* [Supplied material]
---+---
(* Consider rational $c$ for which $f_c(x)=x^2+c$ has a rational $3$-cycle $\{x_1,x_2,x_3\}$ (elements written in lowest terms). (a) Some $x_i$ has numerator equal to one of $\pm11,\pm17,\pm25$ if and only if $c=-\tfrac{421}{144}$. (b) Some $x_i$ has numerator $\pm19$ if and only if $c\in\{-\tfrac{301}{144},\,-\tfrac{337\cdot673}{360^2}\}$. (c) Some $x_i$ has numerator $\pm23$ if and only if $c\in\{-\tfrac{301}{144},\,-\tfrac{43^2}{24^2}\}$.
   Context: A rational $3$-cycle of $f_c$ is the orbit of a rational point of minimal period $3$. Standing fact: $f_c$ has one iff $c=-A(m,n)/B(m,n)$ with $A(m,n)=m^6+2m^5n+4m^4n^2+8m^3n^3+9m^2n^4+4mn^5+n^6$, $B(m,n)=4m^2n^2(m+n)^2$, for coprime integers $m,n$ with $mn(m+n)\ne0$; the cycle is then $\{\frac{t_1}{2mn(m+n)},\frac{t_2}{2mn(m+n)},-\frac{t_3}{2mn(m+n)}\}$ in lowest terms, with $t_1=m^3+2m^2n+mn^2+n^3$, $t_2=m^3-mn^2-n^3$, $t_3=m^3+2m^2n+3mn^2+n^3$. *)

theory Defs
  imports Complex_Main
begin

definition fc :: "rat \<Rightarrow> rat \<Rightarrow> rat" where
  "fc c x = x ^ 2 + c"

definition period3_pt :: "rat \<Rightarrow> rat \<Rightarrow> bool" where
  "period3_pt c x \<longleftrightarrow> (fc c ^^ 3) x = x \<and> (fc c ^^ 1) x \<noteq> x \<and> (fc c ^^ 2) x \<noteq> x"

definition orbit3 :: "rat \<Rightarrow> rat \<Rightarrow> rat set" where
  "orbit3 c x = {x, fc c x, fc c (fc c x)}"

text \<open>Numerator of a rational in lowest terms (denominator positive).\<close>
definition numer :: "rat \<Rightarrow> int" where
  "numer q = fst (quotient_of q)"
lemma Gt_has_min:
  assumes "t \<ge> 0" "x \<ge> 0"
  obtains \<tau>0 where "\<tau>0 \<ge> 0" "\<And>\<tau>. \<tau> \<ge> 0 \<Longrightarrow> Gt ub rhob \<tau>0 x t \<le> Gt ub rhob \<tau> x t"
proof -
  define g where "g = (\<lambda>\<eta>. (x - ub \<eta> * (t - \<eta>)) * rhob \<eta> * ub \<eta>)"
  have nonneg: "g \<eta> \<ge> 0" if "\<eta> \<ge> t" for \<eta>
  proof -
    have "ub \<eta> * (\<eta> - t) \<ge> 0"
      using ub_pos[of \<eta>] that assms by simp
    then have "x - ub \<eta> * (t - \<eta>) \<ge> 0"
      using assms by (simp add: algebra_simps)
    then show ?thesis
      using assms that rhob_pos[of \<eta>] ub_pos[of \<eta>] by (simp add: g_def)
  qed
  have "locally_bounded_measurable g"
    unfolding g_def by (intro locally_bounded_measurable_intros)
  then obtain \<tau>0 where "\<tau>0 \<ge> 0" "\<And>\<tau>. \<tau> \<ge> 0 \<Longrightarrow> integral {0..\<tau>0} g \<le> integral {0..\<tau>} g"
    using indefinite_integral_attains_min[of g t] nonneg assms by auto
  then show thesis
    using that by (simp add: Gt_integral g_def)
qed

lemma Fmin_attained:
  assumes "t \<ge> 0"
  obtains y0 where "y0 \<ge> 0" "Fy u0 rho0 y0 x t = Fmin u0 rho0 x t"
proof -
  obtain y0 where "y0 \<ge> 0" "\<And>y. y \<ge> 0 \<Longrightarrow> Fy u0 rho0 y0 x t \<le> Fy u0 rho0 y x t"
    using Fy_has_min[OF assms] by blast
  moreover from this have "Fmin u0 rho0 x t = Fy u0 rho0 y0 x t"
    unfolding Fmin_def by (intro cInf_eq_minimum) auto
  ultimately show thesis
    using that by simp
qed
---+---
* [What is required] Set down the records again without altering a word.

* [Your solution]
(* Consider rational $c$ for which $f_c(x)=x^2+c$ has a rational $3$-cycle $\{x_1,x_2,x_3\}$ (elements written in lowest terms). (a) Some $x_i$ has numerator equal to one of $\pm11,\pm17,\pm25$ if and only if $c=-\tfrac{421}{144}$. (b) Some $x_i$ has numerator $\pm19$ if and only if $c\in\{-\tfrac{301}{144},\,-\tfrac{337\cdot673}{360^2}\}$. (c) Some $x_i$ has numerator $\pm23$ if and only if $c\in\{-\tfrac{301}{144},\,-\tfrac{43^2}{24^2}\}$.
   Context: A rational $3$-cycle of $f_c$ is the orbit of a rational point of minimal period $3$. Standing fact: $f_c$ has one iff $c=-A(m,n)/B(m,n)$ with $A(m,n)=m^6+2m^5n+4m^4n^2+8m^3n^3+9m^2n^4+4mn^5+n^6$, $B(m,n)=4m^2n^2(m+n)^2$, for coprime integers $m,n$ with $mn(m+n)\ne0$; the cycle is then $\{\frac{t_1}{2mn(m+n)},\frac{t_2}{2mn(m+n)},-\frac{t_3}{2mn(m+n)}\}$ in lowest terms, with $t_1=m^3+2m^2n+mn^2+n^3$, $t_2=m^3-mn^2-n^3$, $t_3=m^3+2m^2n+3mn^2+n^3$. *)

theory Defs
  imports Complex_Main
begin

definition fc :: "rat \<Rightarrow> rat \<Rightarrow> rat" where
  "fc c x = x ^ 2 + c"

definition period3_pt :: "rat \<Rightarrow> rat \<Rightarrow> bool" where
  "period3_pt c x \<longleftrightarrow> (fc c ^^ 3) x = x \<and> (fc c ^^ 1) x \<noteq> x \<and> (fc c ^^ 2) x \<noteq> x"

definition orbit3 :: "rat \<Rightarrow> rat \<Rightarrow> rat set" where
  "orbit3 c x = {x, fc c x, fc c (fc c x)}"

text \<open>Numerator of a rational in lowest terms (denominator positive).\<close>
definition numer :: "rat \<Rightarrow> int" where
  "numer q = fst (quotient_of q)"
lemma Gt_has_min:
  assumes "t \<ge> 0" "x \<ge> 0"
  obtains \<tau>0 where "\<tau>0 \<ge> 0" "\<And>\<tau>. \<tau> \<ge> 0 \<Longrightarrow> Gt ub rhob \<tau>0 x t \<le> Gt ub rhob \<tau> x t"
proof -
  define g where "g = (\<lambda>\<eta>. (x - ub \<eta> * (t - \<eta>)) * rhob \<eta> * ub \<eta>)"
  have nonneg: "g \<eta> \<ge> 0" if "\<eta> \<ge> t" for \<eta>
  proof -
    have "ub \<eta> * (\<eta> - t) \<ge> 0"
      using ub_pos[of \<eta>] that assms by simp
    then have "x - ub \<eta> * (t - \<eta>) \<ge> 0"
      using assms by (simp add: algebra_simps)
    then show ?thesis
      using assms that rhob_pos[of \<eta>] ub_pos[of \<eta>] by (simp add: g_def)
  qed
  have "locally_bounded_measurable g"
    unfolding g_def by (intro locally_bounded_measurable_intros)
  then obtain \<tau>0 where "\<tau>0 \<ge> 0" "\<And>\<tau>. \<tau> \<ge> 0 \<Longrightarrow> integral {0..\<tau>0} g \<le> integral {0..\<tau>} g"
    using indefinite_integral_attains_min[of g t] nonneg assms by auto
  then show thesis
    using that by (simp add: Gt_integral g_def)
qed

lemma Fmin_attained:
  assumes "t \<ge> 0"
  obtains y0 where "y0 \<ge> 0" "Fy u0 rho0 y0 x t = Fmin u0 rho0 x t"
proof -
  obtain y0 where "y0 \<ge> 0" "\<And>y. y \<ge> 0 \<Longrightarrow> Fy u0 rho0 y0 x t \<le> Fy u0 rho0 y x t"
    using Fy_has_min[OF assms] by blast
  moreover from this have "Fmin u0 rho0 x t = Fy u0 rho0 y0 x t"
    unfolding Fmin_def by (intro cInf_eq_minimum) auto
  ultimately show thesis
    using that by simp
qed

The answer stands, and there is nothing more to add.